**What is expected:** Keep only the lines of the listing that include the word "dots", and copy them.

§ §

(* For every $\widetilde r\in\mathbb{N}$, every $r_0\in\{0,\dots,b-1\}$ and every $d\in\mathbb{Z}$, \[\mu^{(b\widetilde r+r_0)}(d)=\frac{b-r_0}{b}\,\mu^{(\widetilde r)}(d-r_0)+\frac{r_0}{b}\,\mu^{(\widetilde r+1)}(d+b-r_0).\]
   Context: Fix an integer $b\ge2$. For $n\in\mathbb{N}$ with base-$b$ digits $n_k$, $s(n):=\sum_kn_k$. For $r,n\in\mathbb{N}$, $\Delta^{(r)}(n):=s(n+r)-s(n)$, and for $d\in\mathbb{Z}$, $\mu^{(r)}(d):=\lim_{N\to\infty}\frac1N|\{n<N:\Delta^{(r)}(n)=d\}|$ (these limits exist and define a probability measure on $\mathbb{Z}$; in particular $\mu^{(0)}=\delta_0$). *)

theory Defs
  imports Complex_Main
begin

fun digit_sum :: "nat \<Rightarrow> nat \<Rightarrow> nat" where
  "digit_sum b n = (if b < 2 \<or> n = 0 then 0 else n mod b + digit_sum b (n div b))"

declare digit_sum.simps [simp del]

definition Delta :: "nat \<Rightarrow> nat \<Rightarrow> nat \<Rightarrow> int" where
  "Delta b r n = int (digit_sum b (n + r)) - int (digit_sum b n)"

definition mu :: "nat \<Rightarrow> nat \<Rightarrow> int \<Rightarrow> real" where
  "mu b r d = lim (\<lambda>N. real (card {n. n < N \<and> Delta b r n = d}) / real N)"

end

theory Submission
  imports Defs
begin

text \<open>Write n = b m + j with j < b, and r = b rt + r0 with r0 < b. If j + r0 < b, adding r
  produces no carry out of the last digit and Delta(r)(n) = Delta(rt)(m) + r0; otherwise exactly
  one carry leaves it and Delta(r)(n) = Delta(rt + 1)(m) + r0 - b. Each block of b consecutive n
  has b - r0 values of the first kind and r0 of the second, so the identity holds exactly for
  the counts up to multiples of b; since counts grow by at most one per step, densities along
  multiples of b are densities. Because mu is defined by lim, the same identity is also what
  shows, by strong induction on r, that all the limits exist.\<close>

lemma digit_sum_mult_add:
  assumes "b \<ge> 2" "j < b"
  shows "digit_sum b (b * m + j) = digit_sum b m + j"
proof (cases "b * m + j = 0")
  case True
  with assms show ?thesis by (simp add: digit_sum.simps)
next
  case False
  with assms show ?thesis by (subst digit_sum.simps) auto
qed

lemma digit_sum_Suc_le:
  assumes "b \<ge> 2"
  shows "digit_sum b (Suc n) \<le> digit_sum b n + 1"
proof (induction n rule: less_induct)
  case (less n)
  obtain m j where n: "n = b * m + j" and "j < b"
    using assms by (metis mult_div_mod_eq mod_less_divisor not_numeral_le_zero not_gr0)
  show ?case
  proof (cases "Suc j < b")
    case True
    then show ?thesis
      using digit_sum_mult_add[OF assms, of "Suc j" m] digit_sum_mult_add[OF assms \<open>j < b\<close>, of m]
      by (simp add: n)
  next
    case False
    then have "Suc n = b * Suc m + 0"
      using \<open>j < b\<close> n by simp
    then have "digit_sum b (Suc n) = digit_sum b (Suc m)"
      using assms by (metis digit_sum_mult_add add_0_right not_numeral_le_zero not_gr0)
    also have "\<dots> \<le> digit_sum b m + 1"
    proof (rule less)
      have "m \<le> b * m" and "0 < j"
        using False assms by auto
      then show "m < n"
        using n by linarith
    qed
    also have "\<dots> \<le> digit_sum b n + 1"
      using digit_sum_mult_add[OF assms \<open>j < b\<close>, of m] n by simp
    finally show ?thesis .
  qed
qed

lemma Delta_mult_add_no_carry:
  assumes "b \<ge> 2" "j + r0 < b"
  shows "Delta b (b * rt + r0) (b * m + j) = Delta b rt m + int r0"
proof -
  have "b * m + j + (b * rt + r0) = b * (m + rt) + (j + r0)"
    by (simp add: algebra_simps)
  then have "digit_sum b (b * m + j + (b * rt + r0)) = digit_sum b (m + rt) + (j + r0)"
    using assms digit_sum_mult_add[of b "j + r0" "m + rt"] by presburger
  then show ?thesis
    using assms digit_sum_mult_add[of b j m] by (simp add: Delta_def)
qed

lemma Delta_mult_add_carry:
  assumes "b \<ge> 2" "j < b" "r0 < b" "b \<le> j + r0"
  shows "Delta b (b * rt + r0) (b * m + j) = Delta b (rt + 1) m + int r0 - int b"
proof -
  have "b * m + j + (b * rt + r0) = b * (m + (rt + 1)) + (j + r0 - b)"
    using assms by (simp add: algebra_simps)
  then have "digit_sum b (b * m + j + (b * rt + r0)) = digit_sum b (m + (rt + 1)) + (j + r0 - b)"
    using assms digit_sum_mult_add[of b "j + r0 - b" "m + (rt + 1)"] by presburger
  then show ?thesis
    using assms digit_sum_mult_add[of b j m] by (simp add: Delta_def of_nat_diff)
qed

lemma Delta_1_le:
  assumes "b \<ge> 2"
  shows "Delta b 1 n \<le> 1"
  using digit_sum_Suc_le[OF assms, of n] by (simp add: Delta_def)

definition Delta_count :: "nat \<Rightarrow> nat \<Rightarrow> int \<Rightarrow> nat \<Rightarrow> real" where
  "Delta_count b r d N = (\<Sum>n<N. of_bool (Delta b r n = d))"

lemma mu_eq_lim_Delta_count: "mu b r d = lim (\<lambda>N. Delta_count b r d N / real N)"
proof -
  have "{..<N} \<inter> {n. Delta b r n = d} = {n. n < N \<and> Delta b r n = d}" for N
    by auto
  then show ?thesis
    by (simp add: mu_def Delta_count_def)
qed

lemma mono_Delta_count: "mono (Delta_count b r d)"
  unfolding Delta_count_def by (intro monoI sum_mono2) auto

lemma Delta_count_add_le: "Delta_count b r d (N + k) \<le> Delta_count b r d N + real k"
  by (induction k) (auto simp: Delta_count_def)

lemma Delta_count_0: "Delta_count b 0 d N = of_bool (d = 0) * real N"
  by (simp add: Delta_count_def Delta_def)

lemma Delta_count_block:
  assumes "b \<ge> 2" "r0 < b"
  shows "(\<Sum>j<b. of_bool (Delta b (b * rt + r0) (b * m + j) = d))
       = real (b - r0) * of_bool (Delta b rt m = d - int r0)
         + real r0 * of_bool (Delta b (rt + 1) m = d + int b - int r0)"
proof -
  have split: "{..<b} = {..<b - r0} \<union> {b - r0..<b}"
    using assms by auto
  have "(\<Sum>j<b. of_bool (Delta b (b * rt + r0) (b * m + j) = d) :: real)
      = (\<Sum>j<b - r0. of_bool (Delta b (b * rt + r0) (b * m + j) = d))
        + (\<Sum>j\<in>{b - r0..<b}. of_bool (Delta b (b * rt + r0) (b * m + j) = d))"
    unfolding split by (rule sum.union_disjoint) auto
  also have "(\<Sum>j<b - r0. of_bool (Delta b (b * rt + r0) (b * m + j) = d) :: real)
      = (\<Sum>j<b - r0. of_bool (Delta b rt m = d - int r0))"
    using assms by (intro sum.cong) (auto simp: Delta_mult_add_no_carry)
  also have "(\<Sum>j\<in>{b - r0..<b}. of_bool (Delta b (b * rt + r0) (b * m + j) = d) :: real)
      = (\<Sum>j\<in>{b - r0..<b}. of_bool (Delta b (rt + 1) m = d + int b - int r0))"
    using assms by (intro sum.cong) (auto simp: Delta_mult_add_carry)
  finally show ?thesis
    using assms by simp
qed

lemma Delta_count_mult_add:
  assumes "b \<ge> 2" "r0 < b"
  shows "Delta_count b (b * rt + r0) d (b * M)
       = real (b - r0) * Delta_count b rt (d - int r0) M
         + real r0 * Delta_count b (rt + 1) (d + int b - int r0) M"
proof -
  have "Delta_count b (b * rt + r0) d (b * M)
      = (\<Sum>m<M. \<Sum>n\<in>{m * b..<m * b + b}. of_bool (Delta b (b * rt + r0) n = d))"
    unfolding Delta_count_def sum.nat_group by (simp add: mult.commute)
  also have "\<dots> = (\<Sum>m<M. \<Sum>j<b. of_bool (Delta b (b * rt + r0) (b * m + j) = d))"
    by (simp add: sum.atLeastLessThan_shift_0 atLeast0LessThan mult.commute comp_def
        del: sum_of_bool_eq)
  also have "\<dots> = real (b - r0) * Delta_count b rt (d - int r0) M
         + real r0 * Delta_count b (rt + 1) (d + int b - int r0) M"
    by (simp add: Delta_count_block[OF assms] Delta_count_def sum.distrib sum_distrib_left
        del: sum_of_bool_eq)
  finally show ?thesis .
qed

lemma LIMSEQ_mult_div_over_n:
  assumes "b > 0"
  shows "(\<lambda>N. real (b * (N div b)) / real N) \<longlonglongrightarrow> 1"
proof (rule real_tendsto_sandwich)
  show "\<forall>\<^sub>F N in sequentially. 1 - real b / real N \<le> real (b * (N div b)) / real N"
    using eventually_gt_at_top[of 0]
  proof eventually_elim
    case (elim N)
    have "N \<le> b * (N div b) + b"
      using assms by (metis add_le_mono le_refl less_imp_le_nat mod_less_divisor mult_div_mod_eq)
    then have "real N - real b \<le> real (b * (N div b))"
      by linarith
    with elim show ?case
      using divide_right_mono[of "real N - real b" _ "real N"] by (simp add: diff_divide_distrib)
  qed
  show "\<forall>\<^sub>F N in sequentially. real (b * (N div b)) / real N \<le> 1"
    by (intro always_eventually allI) (auto simp: divide_le_eq_1 simp flip: of_nat_mult)
  show "(\<lambda>N. 1 - real b / real N) \<longlonglongrightarrow> 1"
    using tendsto_diff[OF tendsto_const lim_const_over_n[of "real b"]] by simp
qed simp

lemma LIMSEQ_over_n_from_multiples:
  fixes g :: "nat \<Rightarrow> real"
  assumes "b > 0" and "mono g" and slow: "\<And>N k. g (N + k) \<le> g N + real k"
    and lim: "(\<lambda>M. g (b * M) / real (b * M)) \<longlonglongrightarrow> L"
  shows "(\<lambda>N. g N / real N) \<longlonglongrightarrow> L"
proof (rule real_tendsto_sandwich)
  define q where "q N = b * (N div b)" for N
  have N_eq: "N = q N + N mod b" for N
    by (simp add: q_def)
  have g_q: "g (q N) \<le> g N" "g N \<le> g (q N) + real b" for N
  proof -
    show "g (q N) \<le> g N"
      using \<open>mono g\<close> N_eq[of N] by (metis le_add1 monoD)
    have "real (N mod b) \<le> real b"
      using \<open>b > 0\<close> by (simp add: less_imp_le_nat)
    then show "g N \<le> g (q N) + real b"
      using slow[of "q N" "N mod b"] N_eq[of N] by simp
  qed
  have "(\<lambda>N. g (q N) / real (q N) * (real (q N) / real N)) \<longlonglongrightarrow> L * 1"
    unfolding q_def
    by (intro tendsto_mult LIMSEQ_mult_div_over_n \<open>b > 0\<close>
        filterlim_compose[OF lim filterlim_at_top_div_const_nat])
  moreover have "\<forall>\<^sub>F N in sequentially.
      g (q N) / real (q N) * (real (q N) / real N) = g (q N) / real N"
    using eventually_ge_at_top[of b]
    by eventually_elim (use \<open>b > 0\<close> in \<open>simp add: q_def div_greater_zero_iff\<close>)
  ultimately have lower: "(\<lambda>N. g (q N) / real N) \<longlonglongrightarrow> L"
    by (simp add: Lim_transform_eventually)
  show "\<forall>\<^sub>F N in sequentially. g (q N) / real N \<le> g N / real N"
    using g_q by (simp add: divide_right_mono)
  show "\<forall>\<^sub>F N in sequentially. g N / real N \<le> g (q N) / real N + real b / real N"
    using g_q by (simp add: divide_right_mono flip: add_divide_distrib)
  show "(\<lambda>N. g (q N) / real N) \<longlonglongrightarrow> L"
    by (fact lower)
  show "(\<lambda>N. g (q N) / real N + real b / real N) \<longlonglongrightarrow> L"
    using tendsto_add[OF lower lim_const_over_n[of "real b"]] by simp
qed

lemma Delta_count_mult_add_tendsto:
  assumes "b \<ge> 2" "r0 < b"
    and lo: "(\<lambda>M. Delta_count b rt (d - int r0) M / real M) \<longlonglongrightarrow> A"
    and hi: "r0 > 0 \<Longrightarrow> (\<lambda>M. Delta_count b (rt + 1) (d + int b - int r0) M / real M) \<longlonglongrightarrow> B"
  shows "(\<lambda>N. Delta_count b (b * rt + r0) d N / real N)
           \<longlonglongrightarrow> real (b - r0) / real b * A + real r0 / real b * B"
proof (rule LIMSEQ_over_n_from_multiples)
  show "b > 0" and "mono (Delta_count b (b * rt + r0) d)"
    using assms(1) mono_Delta_count by auto
  show "Delta_count b (b * rt + r0) d (N + k) \<le> Delta_count b (b * rt + r0) d N + real k" for N k
    by (rule Delta_count_add_le)
  have "(\<lambda>M. real r0 / real b * (Delta_count b (rt + 1) (d + int b - int r0) M / real M))
          \<longlonglongrightarrow> real r0 / real b * B"
  proof (cases "r0 = 0")
    case False
    then show ?thesis
      by (intro tendsto_mult_left hi) simp
  qed simp
  then have "(\<lambda>M. real (b - r0) / real b * (Delta_count b rt (d - int r0) M / real M)
                + real r0 / real b * (Delta_count b (rt + 1) (d + int b - int r0) M / real M))
          \<longlonglongrightarrow> real (b - r0) / real b * A + real r0 / real b * B"
    by (rule tendsto_add[OF tendsto_mult_left[OF lo]])
  moreover have "\<forall>\<^sub>F M in sequentially.
      real (b - r0) / real b * (Delta_count b rt (d - int r0) M / real M)
        + real r0 / real b * (Delta_count b (rt + 1) (d + int b - int r0) M / real M)
      = Delta_count b (b * rt + r0) d (b * M) / real (b * M)"
    using eventually_gt_at_top[of 0]
  proof eventually_elim
    case (elim M)
    then show ?case
      unfolding Delta_count_mult_add[OF assms(1,2)] using assms(1) by (simp add: field_simps)
  qed
  ultimately show "(\<lambda>M. Delta_count b (b * rt + r0) d (b * M) / real (b * M))
          \<longlonglongrightarrow> real (b - r0) / real b * A + real r0 / real b * B"
    by (rule Lim_transform_eventually)
qed

lemma convergent_Delta_count_0: "convergent (\<lambda>N. Delta_count b 0 d N / real N)"
proof -
  have "\<forall>\<^sub>F N in sequentially. of_bool (d = 0) = Delta_count b 0 d N / real N"
    using eventually_gt_at_top[of 0] by eventually_elim (simp add: Delta_count_0)
  then show ?thesis
    unfolding convergent_def by (blast intro: Lim_transform_eventually tendsto_const)
qed

text \<open>For r = 1 the recursion refers to r = 1 itself, at the larger value d + b - 1; since
  Delta(1) \<le> 1, induction on 2 - d terminates.\<close>

lemma convergent_Delta_count_1:
  assumes "b \<ge> 2"
  shows "convergent (\<lambda>N. Delta_count b 1 d N / real N)"
proof (induction "nat (2 - d)" arbitrary: d rule: less_induct)
  case less
  show ?case
  proof (cases "d \<ge> 2")
    case True
    then have "Delta b 1 n \<noteq> d" for n
      using Delta_1_le[OF assms, of n] by simp
    then have "Delta_count b 1 d N = 0" for N
      by (simp add: Delta_count_def)
    then show ?thesis
      by (simp add: convergent_const)
  next
    case False
    obtain B where "(\<lambda>N. Delta_count b (0 + 1) (d + int b - int 1) N / real N) \<longlonglongrightarrow> B"
      using less[of "d + int b - 1"] False assms by (auto simp: convergent_def)
    moreover obtain A where "(\<lambda>N. Delta_count b 0 (d - int 1) N / real N) \<longlonglongrightarrow> A"
      using convergent_Delta_count_0 by (auto simp: convergent_def)
    ultimately show ?thesis
      using Delta_count_mult_add_tendsto[OF assms, of 1 0 d A B] assms
      unfolding convergent_def by auto
  qed
qed

lemma convergent_Delta_count:
  assumes "b \<ge> 2"
  shows "convergent (\<lambda>N. Delta_count b r d N / real N)"
proof (induction r arbitrary: d rule: less_induct)
  case (less r)
  consider "r = 0" | "r = 1" | "r \<ge> 2"
    by linarith
  then show ?case
  proof cases
    case 3
    define rt r0 where "rt = r div b" and "r0 = r mod b"
    have r: "r = b * rt + r0" and "r0 < b"
      using assms by (simp_all add: rt_def r0_def)
    have "rt < r"
      using 3 assms by (simp add: rt_def)
    moreover have "rt + 1 < r" if "r0 > 0"
      using 3 assms r that by (cases "rt = 0") (auto intro: less_le_trans[of _ "2 * rt + r0"])
    ultimately obtain A B
      where "(\<lambda>M. Delta_count b rt (d - int r0) M / real M) \<longlonglongrightarrow> A"
        and "r0 > 0 \<Longrightarrow> (\<lambda>M. Delta_count b (rt + 1) (d + int b - int r0) M / real M) \<longlonglongrightarrow> B"
      using less by (metis convergent_LIMSEQ_iff)
    then show ?thesis
      using Delta_count_mult_add_tendsto[OF assms \<open>r0 < b\<close>] unfolding convergent_def r by blast
  qed (use convergent_Delta_count_0 convergent_Delta_count_1[OF assms] in auto)
qed

theorem mainTheorem8:
  fixes b rt r0 :: nat and d :: int
  assumes "b \<ge> 2" and "r0 < b"
  shows "mu b (b * rt + r0) d
       = real (b - r0) / real b * mu b rt (d - int r0)
         + real r0 / real b * mu b (rt + 1) (d + int b - int r0)"
proof -
  have "(\<lambda>N. Delta_count b r e N / real N) \<longlonglongrightarrow> mu b r e" for r e
    using convergent_Delta_count[OF assms(1)]
    by (simp add: mu_eq_lim_Delta_count convergent_LIMSEQ_iff)
  from Delta_count_mult_add_tendsto[OF assms this this]
  show ?thesis
    unfolding mu_eq_lim_Delta_count[of b "b * rt + r0"] by (rule limI)
qed

end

§ §

**Answer box:**
(* For every $\widetilde r\in\mathbb{N}$, every $r_0\in\{0,\dots,b-1\}$ and every $d\in\mathbb{Z}$, \[\mu^{(b\widetilde r+r_0)}(d)=\frac{b-r_0}{b}\,\mu^{(\widetilde r)}(d-r_0)+\frac{r_0}{b}\,\mu^{(\widetilde r+1)}(d+b-r_0).\]
    also have "\<dots> \<le> digit_sum b m + 1"
    also have "\<dots> \<le> digit_sum b n + 1"
  also have "\<dots> = (\<Sum>m<M. \<Sum>j<b. of_bool (Delta b (b * rt + r0) (b * m + j) = d))"
  also have "\<dots> = real (b - r0) * Delta_count b rt (d - int r0) M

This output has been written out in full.